2. Since its very clear that height for a dipole affects the take off angle, does the laws of reciprocity apply? In other words, does it also affect RX at the same angle? In other other words, if I were to simulate a dipole at 33 feet and has a peak gain of 6db at 20 degrees TX does this mean RX would have a similar pattern (I understand that there will be no gain)? In other other other words is my RX affected by height for DX as much as TX.
To give some context as to why I am asking:
I ask I can not hear anything further than New Mexico West, Brazil South, Almost NOTHING North, Lithania Eastern Europe - this is on 20M and of course 10m is much better and I understand why but again is it just because TX is overall better due to gain?... so, I am focusing on 20M for the question.
Seeing as nobody has answered this:
Yes, the laws of reciprocity apply.
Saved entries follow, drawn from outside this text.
lemma multilinear_graft:
  fixes F G :: "'a::ring list \<Rightarrow> 'a"
  assumes "multilinear sm p F" and "multilinear sm q G" and "k < p"
  shows "multilinear sm (p + q - 1) (\<lambda>xs. F (graft k q G xs))"
  unfolding multilinear_iff_slots
proof (intro allI impI)
  fix A B :: "'a list"
  assume len: "length A + length B + 1 = p + q - 1"
  have F: "scalar_linear sm (\<lambda>x. F (A' @ x # B'))" if "length A' + length B' + 1 = p" for A' B'
    using assms(1) that by (simp add: multilinear_iff_slots)
  have G: "scalar_linear sm (\<lambda>x. G (A' @ x # B'))" if "length A' + length B' + 1 = q" for A' B'
    using assms(2) that by (simp add: multilinear_iff_slots)
  consider "length A < k" | "k + q \<le> length A" | "k \<le> length A" "length A < k + q"
    by linarith
  then show "scalar_linear sm (\<lambda>x. F (graft k q G (A @ x # B)))"
  proof cases
    case 1
    then show ?thesis
      using F[of A "graft (k - Suc (length A)) q G B"] len assms(3)
      by (simp add: graft_slot_before length_graft)
  next
    case 2
    then show ?thesis
      using F[of "graft k q G A" B] len by (simp add: graft_slot_after length_graft)
  next
    case 3
    define r where "r = k + q - Suc (length A)"
    have "scalar_linear sm (\<lambda>x. F (take k A @ G (drop k A @ x # take r B) # drop r B))"
      using scalar_linear_comp[OF F[of "take k A" "drop r B"] G[of "drop k A" "take r B"]]
        3 len assms(3) by (simp add: r_def)
    with 3 show ?thesis by (simp add: graft_slot_inside r_def)
  qed
qed

lemma multilinear_diff:
  "(\<And>c. additive (sm c)) \<Longrightarrow> multilinear sm n f \<Longrightarrow> multilinear sm n g \<Longrightarrow>
    multilinear sm n (\<lambda>xs. f xs - g xs)"
  by (simp add: multilinear_def additive.diff)

lemma multilinear_sgn_pow:
  "(\<And>c. additive (sm c)) \<Longrightarrow> multilinear sm n f \<Longrightarrow> multilinear sm n (\<lambda>xs. sgn_pow k (f xs))"
  by (simp add: multilinear_def additive_commute_sgn_pow additive.add[OF additive_sgn_pow])

lemma multilinear_sum:
  "(\<And>c. additive (sm c)) \<Longrightarrow> (\<And>i. i \<in> S \<Longrightarrow> multilinear sm n (h i)) \<Longrightarrow>
    multilinear sm n (\<lambda>xs. \<Sum>i\<in>S. h i xs)"
  by (simp add: multilinear_def additive.sum sum.distrib)

lemma multilinear_gerst:
  assumes "\<And>c. additive (sm c)" "multilinear sm p F" "multilinear sm q G" "1 \<le> p" "1 \<le> q"
  shows "multilinear sm (p + q - 1) (gerst p F q G)"
proof -
  have "multilinear sm (p + q - 1) (pcomp F i q G)" if "i \<in> {1..p}" for i
    unfolding pcomp_eq_graft by (rule multilinear_graft[OF assms(2,3)]) (use that in auto)
  moreover have "multilinear sm (p + q - 1) (pcomp G i p F)" if "i \<in> {1..q}" for i
    unfolding pcomp_eq_graft add.commute[of p]
    by (rule multilinear_graft[OF assms(3,2)]) (use that in auto)
  ultimately show ?thesis
    unfolding gerst_def[abs_def]
    by (intro multilinear_diff multilinear_sgn_pow multilinear_sum assms(1))
qed

lemma multilinear_graft_sgn_pow:
  assumes "multilinear sm p F" "k < p" "length xs = p + q - 1"
  shows "F (graft k q (\<lambda>ys. sgn_pow e (G ys)) xs) = sgn_pow e (F (graft k q G xs))"
proof -
  define A B where "A = take k xs" and "B = drop (k + q) xs"
  have "additive (\<lambda>x. F (A @ x # B))"
    using assms by (simp add: multilinear_iff_slots scalar_linear_def A_def B_def)
  from additive_commute_sgn_pow[OF this] show ?thesis
    unfolding graft_def A_def[symmetric] B_def[symmetric] by simp
qed

lemma involution_pcomp:
  assumes st: "\<And>x. st (st x) = x"
    and F: "F \<in> iC_Hoch sm st p" and G: "G \<in> iC_Hoch sm st q"
    and i: "1 \<le> i" "i \<le> p" and len: "length as = p + q - 1"
  shows "st (pcomp F i q G as) = sgn_pow ((p - 1) * (p - 2) div 2 + (q - 1) * (q - 2) div 2)
           (pcomp F (p + 1 - i) q G (rev (map st as)))"
proof -
  define bs where "bs = rev (map st as)"
  have "st (pcomp F i q G as) =
      sgn_pow ((p - 1) * (p - 2) div 2) (F (rev (map st (graft (i - 1) q G as))))"
    using F i len by (simp add: iC_Hoch_def pcomp_eq_graft length_graft)
  also have "rev (map st (graft (i - 1) q G as)) =
      graft (p - i) q (\<lambda>ys. st (G (rev (map st ys)))) bs"
    using rev_map_graft[of st "i - 1" q as G] st i len by (simp add: bs_def)
  also have "\<dots> = graft (p - i) q (\<lambda>ys. sgn_pow ((q - 1) * (q - 2) div 2) (G ys)) bs"
    using G i len st by (intro graft_cong) (simp_all add: iC_Hoch_def bs_def rev_map comp_def)
  also have "F \<dots> = sgn_pow ((q - 1) * (q - 2) div 2) (F (graft (p - i) q G bs))"
    using F i len
    by (intro multilinear_graft_sgn_pow[where sm = sm]) (simp_all add: iC_Hoch_def bs_def)
  finally show ?thesis
    using i by (simp add: pcomp_eq_graft sgn_pow_sgn_pow bs_def)
qed

lemma triangular_add:
  "(a + b) * (a + b - 1) div 2 = a * (a - 1) div 2 + b * (b - 1) div 2 + a * (b::nat)"
proof -
  have "(a + b) * (a + b - 1) = a * (a - 1) + b * (b - 1) + 2 * a * b"
    by (cases a; cases b) (simp_all add: algebra_simps)
  moreover have "even (x * (x - 1))" for x :: nat
    by (cases x) auto
  ultimately show ?thesis
    by (auto elim!: evenE)
qed

lemma pcomp_sign_parity:
  fixes j p q :: nat
  assumes "1 \<le> j" "j \<le> p" "1 \<le> q"
  shows "even ((p - j) * (q - 1) + ((p - 1) * (p - 2) div 2 + (q - 1) * (q - 2) div 2)) =
         even ((p + q - 1 - 1) * (p + q - 1 - 2) div 2 + (j - 1) * (q - 1))"
proof -
  define a b c where "a = j - 1" and "b = p - j" and "c = q - 1"
  then have p: "p = a + b + 1" and j: "j = a + 1" and q: "q = c + 1"
    using assms by simp_all
  define T where "T = (a + b) * (a + b - 1) div 2 + c * (c - 1) div 2"
  have "(p - j) * (q - 1) + ((p - 1) * (p - 2) div 2 + (q - 1) * (q - 2) div 2) = b * c + T"
    by (simp add: p j q T_def numeral_2_eq_2)
  moreover have
    "(p + q - 1 - 1) * (p + q - 1 - 2) div 2 + (j - 1) * (q - 1) = b * c + T + 2 * (a * c)"
    using triangular_add[of "a + b" c] by (simp add: p j q T_def numeral_2_eq_2 algebra_simps)
  ultimately show ?thesis
    by simp
qed

lemma involution_pcomp_sum:
  assumes st: "additive st" "\<And>x. st (st x) = x"
    and F: "F \<in> iC_Hoch sm st p" and G: "G \<in> iC_Hoch sm st q"
    and q: "1 \<le> q" and len: "length as = p + q - 1"
  shows "st (\<Sum>i=1..p. sgn_pow ((i - 1) * (q - 1)) (pcomp F i q G as)) =
    (\<Sum>i=1..p. sgn_pow ((p + q - 1 - 1) * (p + q - 1 - 2) div 2 + (i - 1) * (q - 1))
                  (pcomp F i q G (rev (map st as))))"
proof -
  define bs where "bs = rev (map st as)"
  define H where "H j =
    sgn_pow ((p - j) * (q - 1) + ((p - 1) * (p - 2) div 2 + (q - 1) * (q - 2) div 2))
      (pcomp F j q G bs)" for j
  have "st (\<Sum>i=1..p. sgn_pow ((i - 1) * (q - 1)) (pcomp F i q G as)) =
      (\<Sum>i=1..p. H (p + 1 - i))"
    unfolding additive.sum[OF st(1)]
  proof (rule sum.cong)
    fix i assume "i \<in> {1..p}"
    then have i: "1 \<le> i" "i \<le> p" and "p - (p + 1 - i) = i - 1" by auto
    then show "st (sgn_pow ((i - 1) * (q - 1)) (pcomp F i q G as)) = H (p + 1 - i)"
      unfolding additive_commute_sgn_pow[OF st(1)] involution_pcomp[OF st(2) F G i len] H_def bs_def
      by (simp add: sgn_pow_sgn_pow)
  qed simp
  also have "\<dots> = (\<Sum>i=1..p. H i)"
    using sum.atLeastAtMost_rev[of H 1 p] by simp
  also have "\<dots> = (\<Sum>i=1..p. sgn_pow ((p + q - 1 - 1) * (p + q - 1 - 2) div 2 + (i - 1) * (q - 1))
                  (pcomp F i q G bs))"
    unfolding H_def using pcomp_sign_parity q by (intro sum.cong sgn_pow_cong) auto
  finally show ?thesis
    by (simp add: bs_def)
qed

lemma involution_gerst:
  assumes st: "additive st" "\<And>x. st (st x) = x"
    and F: "F \<in> iC_Hoch sm st p" and G: "G \<in> iC_Hoch sm st q"
    and p: "1 \<le> p" and q: "1 \<le> q" and len: "length as = p + q - 1"
  shows "st (gerst p F q G as) =
    sgn_pow ((p + q - 1 - 1) * (p + q - 1 - 2) div 2) (gerst p F q G (rev (map st as)))"
proof -
  have len': "length as = q + p - 1"
    using len by simp
  show ?thesis
    unfolding gerst_def additive.diff[OF st(1)] additive_commute_sgn_pow[OF st(1)]
      involution_pcomp_sum[OF st F G q len] involution_pcomp_sum[OF st G F p len'] add.commute[of q p]
    by (simp add: additive.diff[OF additive_sgn_pow] additive.sum[OF additive_sgn_pow]
        sgn_pow_sgn_pow add_ac)
qed

lemma inv_assoc_algebra_additive:
  assumes "inv_assoc_algebra sm st"
  shows "additive st" and "additive (sm c)"
  using assms by (simp_all add: inv_assoc_algebra_def additive_def)

theorem mainTheorem1:
  fixes sm :: "'k::field_char_0 \<Rightarrow> 'a::ring \<Rightarrow> 'a"
    and st :: "'a \<Rightarrow> 'a"
    and f g :: "'a list \<Rightarrow> 'a"
    and m n :: nat
  assumes "inv_assoc_algebra sm st"
    and "m \<ge> 1" and "n \<ge> 1"
    and "f \<in> iC_Hoch sm st m"
    and "g \<in> iC_Hoch sm st n"
  shows "gerst m f n g \<in> iC_Hoch sm st (m + n - 1)"
proof -
  have involutive: "st (st x) = x" for x
    using assms(1) by (simp add: inv_assoc_algebra_def)
  have "multilinear sm (m + n - 1) (gerst m f n g)"
    using assms by (intro multilinear_gerst inv_assoc_algebra_additive) (simp_all add: iC_Hoch_def)
  moreover have "st (gerst m f n g as) =
      sgn_pow ((m + n - 1 - 1) * (m + n - 1 - 2) div 2) (gerst m f n g (rev (map st as)))"
    if "length as = m + n - 1" for as
    using involution_gerst[OF inv_assoc_algebra_additive(1)[OF assms(1)] involutive
        assms(4-5,2-3) that] .
  ultimately show ?thesis
    by (simp add: iC_Hoch_def)
qed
Gains for TX are also gains for RX. If your dipole is half wavelength or lower, you'll hear stations up to 3000 miles well but anything further than that will be quite poor compared to getting the dipole a wavelength high.
As for what you can hear.....
Go to this website and generate an azimuthal map of the world - it'll look very different to a normal map but it actually shows the shortest paths to places and is what you use to aim a beam antenna:
http://ns6t.net/azimuth/azimuth.htmlNow print it out and draw a line on it where your dipole is pointing. Now draw an oval the shape of a peanut centered on the middle of the map and at right angles to that line. Make it so the ends of the long side of the peanut go to about halfway out from the center.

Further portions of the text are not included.